What you return must be every line from the beginning of the data through the line holding "mult_nonneg_nonneg[OF zero_le_square fint_nonneg])", unchanged.

Top of LISTED ENTRIES

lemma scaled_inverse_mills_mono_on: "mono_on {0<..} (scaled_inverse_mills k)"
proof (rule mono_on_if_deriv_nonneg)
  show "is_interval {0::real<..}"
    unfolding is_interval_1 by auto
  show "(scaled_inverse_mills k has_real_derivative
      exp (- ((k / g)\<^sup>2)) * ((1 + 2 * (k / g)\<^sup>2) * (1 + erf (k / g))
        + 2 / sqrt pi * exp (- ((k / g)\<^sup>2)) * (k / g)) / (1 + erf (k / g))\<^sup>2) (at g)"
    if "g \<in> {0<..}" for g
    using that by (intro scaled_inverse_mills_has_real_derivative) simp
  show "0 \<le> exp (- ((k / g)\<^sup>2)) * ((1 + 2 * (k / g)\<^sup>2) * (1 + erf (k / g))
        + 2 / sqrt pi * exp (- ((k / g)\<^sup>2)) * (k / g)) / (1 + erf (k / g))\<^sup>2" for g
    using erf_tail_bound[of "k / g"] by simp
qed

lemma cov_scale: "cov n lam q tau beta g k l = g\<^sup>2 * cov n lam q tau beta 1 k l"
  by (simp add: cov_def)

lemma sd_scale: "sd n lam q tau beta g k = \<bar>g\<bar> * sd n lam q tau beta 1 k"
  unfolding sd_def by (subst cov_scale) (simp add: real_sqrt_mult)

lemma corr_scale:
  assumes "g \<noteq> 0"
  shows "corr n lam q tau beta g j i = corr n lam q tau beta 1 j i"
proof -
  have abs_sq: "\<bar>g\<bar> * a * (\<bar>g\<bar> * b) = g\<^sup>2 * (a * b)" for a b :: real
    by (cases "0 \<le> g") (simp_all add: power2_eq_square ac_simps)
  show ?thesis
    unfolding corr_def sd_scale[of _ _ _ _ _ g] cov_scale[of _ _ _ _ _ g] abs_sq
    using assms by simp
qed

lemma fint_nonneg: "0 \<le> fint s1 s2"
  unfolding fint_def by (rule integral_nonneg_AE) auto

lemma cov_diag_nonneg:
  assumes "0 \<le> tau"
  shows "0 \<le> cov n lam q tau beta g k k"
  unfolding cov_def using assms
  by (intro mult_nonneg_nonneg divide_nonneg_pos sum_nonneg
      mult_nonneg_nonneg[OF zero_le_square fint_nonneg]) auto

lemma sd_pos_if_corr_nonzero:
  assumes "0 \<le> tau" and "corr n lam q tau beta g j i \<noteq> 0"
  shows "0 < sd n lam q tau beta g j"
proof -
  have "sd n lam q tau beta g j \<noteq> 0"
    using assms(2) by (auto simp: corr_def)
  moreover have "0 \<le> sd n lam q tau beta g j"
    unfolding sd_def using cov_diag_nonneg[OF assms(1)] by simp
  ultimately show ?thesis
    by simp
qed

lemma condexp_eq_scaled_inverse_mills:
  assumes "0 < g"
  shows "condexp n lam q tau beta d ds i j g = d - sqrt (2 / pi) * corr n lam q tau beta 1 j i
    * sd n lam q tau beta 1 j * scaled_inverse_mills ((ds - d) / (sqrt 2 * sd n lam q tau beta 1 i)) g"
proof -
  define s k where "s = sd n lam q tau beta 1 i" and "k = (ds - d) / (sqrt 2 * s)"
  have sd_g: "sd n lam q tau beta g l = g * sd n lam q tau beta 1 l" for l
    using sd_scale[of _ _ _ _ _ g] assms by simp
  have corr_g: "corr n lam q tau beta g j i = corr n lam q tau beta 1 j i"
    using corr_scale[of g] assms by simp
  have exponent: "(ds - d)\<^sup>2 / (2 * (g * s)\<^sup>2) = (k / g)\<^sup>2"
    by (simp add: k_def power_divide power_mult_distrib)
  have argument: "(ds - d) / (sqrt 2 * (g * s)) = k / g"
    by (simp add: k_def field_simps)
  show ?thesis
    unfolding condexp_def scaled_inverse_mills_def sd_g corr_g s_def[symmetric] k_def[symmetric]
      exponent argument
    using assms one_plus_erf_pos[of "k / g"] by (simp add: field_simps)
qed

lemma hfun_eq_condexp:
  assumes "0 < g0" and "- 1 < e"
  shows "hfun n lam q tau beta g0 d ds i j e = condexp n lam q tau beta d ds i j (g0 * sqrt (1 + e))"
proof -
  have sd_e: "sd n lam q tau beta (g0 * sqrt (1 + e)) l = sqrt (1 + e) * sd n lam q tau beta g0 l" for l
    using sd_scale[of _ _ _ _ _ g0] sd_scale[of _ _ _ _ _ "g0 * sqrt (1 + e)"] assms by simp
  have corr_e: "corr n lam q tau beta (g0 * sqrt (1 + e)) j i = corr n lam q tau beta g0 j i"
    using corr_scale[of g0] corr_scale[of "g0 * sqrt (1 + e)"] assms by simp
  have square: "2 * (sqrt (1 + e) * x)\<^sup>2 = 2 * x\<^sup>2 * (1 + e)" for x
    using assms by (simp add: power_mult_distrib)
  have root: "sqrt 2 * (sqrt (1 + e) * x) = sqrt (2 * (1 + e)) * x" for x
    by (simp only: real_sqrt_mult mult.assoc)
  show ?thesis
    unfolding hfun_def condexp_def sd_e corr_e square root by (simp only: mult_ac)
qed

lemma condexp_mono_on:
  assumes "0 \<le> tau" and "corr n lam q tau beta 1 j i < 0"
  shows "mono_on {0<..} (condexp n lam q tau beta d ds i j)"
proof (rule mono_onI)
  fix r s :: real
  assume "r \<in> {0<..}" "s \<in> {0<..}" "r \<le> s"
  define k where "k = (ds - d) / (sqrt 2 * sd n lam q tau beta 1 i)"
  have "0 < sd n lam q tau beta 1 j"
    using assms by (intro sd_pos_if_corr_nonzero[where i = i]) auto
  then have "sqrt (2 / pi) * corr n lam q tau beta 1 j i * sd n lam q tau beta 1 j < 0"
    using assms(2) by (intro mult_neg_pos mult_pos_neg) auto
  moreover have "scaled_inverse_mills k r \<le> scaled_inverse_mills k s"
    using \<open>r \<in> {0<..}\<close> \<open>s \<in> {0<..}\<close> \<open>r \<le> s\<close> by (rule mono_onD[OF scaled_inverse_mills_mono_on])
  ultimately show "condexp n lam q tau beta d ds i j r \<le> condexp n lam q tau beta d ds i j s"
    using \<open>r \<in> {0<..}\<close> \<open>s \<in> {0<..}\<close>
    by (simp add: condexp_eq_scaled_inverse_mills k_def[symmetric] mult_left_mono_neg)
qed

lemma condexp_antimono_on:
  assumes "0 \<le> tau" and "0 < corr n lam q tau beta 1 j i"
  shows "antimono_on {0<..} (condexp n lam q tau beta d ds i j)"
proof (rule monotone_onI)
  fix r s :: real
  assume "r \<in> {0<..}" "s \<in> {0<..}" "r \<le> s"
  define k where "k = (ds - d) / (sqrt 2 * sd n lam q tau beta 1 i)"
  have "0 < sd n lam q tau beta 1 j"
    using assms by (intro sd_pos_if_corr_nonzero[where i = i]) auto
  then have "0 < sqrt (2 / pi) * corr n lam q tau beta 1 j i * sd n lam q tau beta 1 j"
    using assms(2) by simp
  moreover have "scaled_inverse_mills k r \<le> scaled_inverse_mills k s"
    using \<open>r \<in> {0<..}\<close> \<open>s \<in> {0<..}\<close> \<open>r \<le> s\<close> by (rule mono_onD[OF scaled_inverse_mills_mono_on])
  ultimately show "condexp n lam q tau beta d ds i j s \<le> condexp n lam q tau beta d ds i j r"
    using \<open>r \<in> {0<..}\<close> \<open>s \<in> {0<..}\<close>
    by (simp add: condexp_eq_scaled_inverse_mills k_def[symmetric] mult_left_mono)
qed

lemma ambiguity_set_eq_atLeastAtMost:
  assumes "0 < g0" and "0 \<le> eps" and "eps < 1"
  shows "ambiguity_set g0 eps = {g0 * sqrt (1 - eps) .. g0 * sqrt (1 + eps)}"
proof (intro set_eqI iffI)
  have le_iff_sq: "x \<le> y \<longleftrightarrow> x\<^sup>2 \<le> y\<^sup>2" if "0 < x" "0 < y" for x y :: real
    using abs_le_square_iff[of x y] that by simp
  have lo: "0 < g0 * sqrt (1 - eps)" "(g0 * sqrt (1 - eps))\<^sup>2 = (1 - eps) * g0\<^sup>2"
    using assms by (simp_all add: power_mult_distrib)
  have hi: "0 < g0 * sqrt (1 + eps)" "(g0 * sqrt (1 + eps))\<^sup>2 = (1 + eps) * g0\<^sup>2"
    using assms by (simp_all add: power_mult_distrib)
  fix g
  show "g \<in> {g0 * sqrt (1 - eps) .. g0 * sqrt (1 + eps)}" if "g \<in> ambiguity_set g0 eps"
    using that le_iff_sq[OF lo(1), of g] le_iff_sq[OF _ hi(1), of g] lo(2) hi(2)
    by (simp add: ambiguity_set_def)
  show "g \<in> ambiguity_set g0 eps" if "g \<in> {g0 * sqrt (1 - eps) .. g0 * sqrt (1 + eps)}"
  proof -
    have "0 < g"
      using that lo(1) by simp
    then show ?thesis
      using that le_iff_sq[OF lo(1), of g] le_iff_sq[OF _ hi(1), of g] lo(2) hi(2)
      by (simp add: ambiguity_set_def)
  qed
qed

Bottom of LISTED ENTRIES

- **OUTPUT**:
lemma scaled_inverse_mills_mono_on: "mono_on {0<..} (scaled_inverse_mills k)"
proof (rule mono_on_if_deriv_nonneg)
  show "is_interval {0::real<..}"
    unfolding is_interval_1 by auto
  show "(scaled_inverse_mills k has_real_derivative
      exp (- ((k / g)\<^sup>2)) * ((1 + 2 * (k / g)\<^sup>2) * (1 + erf (k / g))
        + 2 / sqrt pi * exp (- ((k / g)\<^sup>2)) * (k / g)) / (1 + erf (k / g))\<^sup>2) (at g)"
    if "g \<in> {0<..}" for g
    using that by (intro scaled_inverse_mills_has_real_derivative) simp
  show "0 \<le> exp (- ((k / g)\<^sup>2)) * ((1 + 2 * (k / g)\<^sup>2) * (1 + erf (k / g))
        + 2 / sqrt pi * exp (- ((k / g)\<^sup>2)) * (k / g)) / (1 + erf (k / g))\<^sup>2" for g
    using erf_tail_bound[of "k / g"] by simp
qed

lemma cov_scale: "cov n lam q tau beta g k l = g\<^sup>2 * cov n lam q tau beta 1 k l"
  by (simp add: cov_def)

lemma sd_scale: "sd n lam q tau beta g k = \<bar>g\<bar> * sd n lam q tau beta 1 k"
  unfolding sd_def by (subst cov_scale) (simp add: real_sqrt_mult)

lemma corr_scale:
  assumes "g \<noteq> 0"
  shows "corr n lam q tau beta g j i = corr n lam q tau beta 1 j i"
proof -
  have abs_sq: "\<bar>g\<bar> * a * (\<bar>g\<bar> * b) = g\<^sup>2 * (a * b)" for a b :: real
    by (cases "0 \<le> g") (simp_all add: power2_eq_square ac_simps)
  show ?thesis
    unfolding corr_def sd_scale[of _ _ _ _ _ g] cov_scale[of _ _ _ _ _ g] abs_sq
    using assms by simp
qed

lemma fint_nonneg: "0 \<le> fint s1 s2"
  unfolding fint_def by (rule integral_nonneg_AE) auto

lemma cov_diag_nonneg:
  assumes "0 \<le> tau"
  shows "0 \<le> cov n lam q tau beta g k k"
  unfolding cov_def using assms
  by (intro mult_nonneg_nonneg divide_nonneg_pos sum_nonneg
      mult_nonneg_nonneg[OF zero_le_square fint_nonneg]) auto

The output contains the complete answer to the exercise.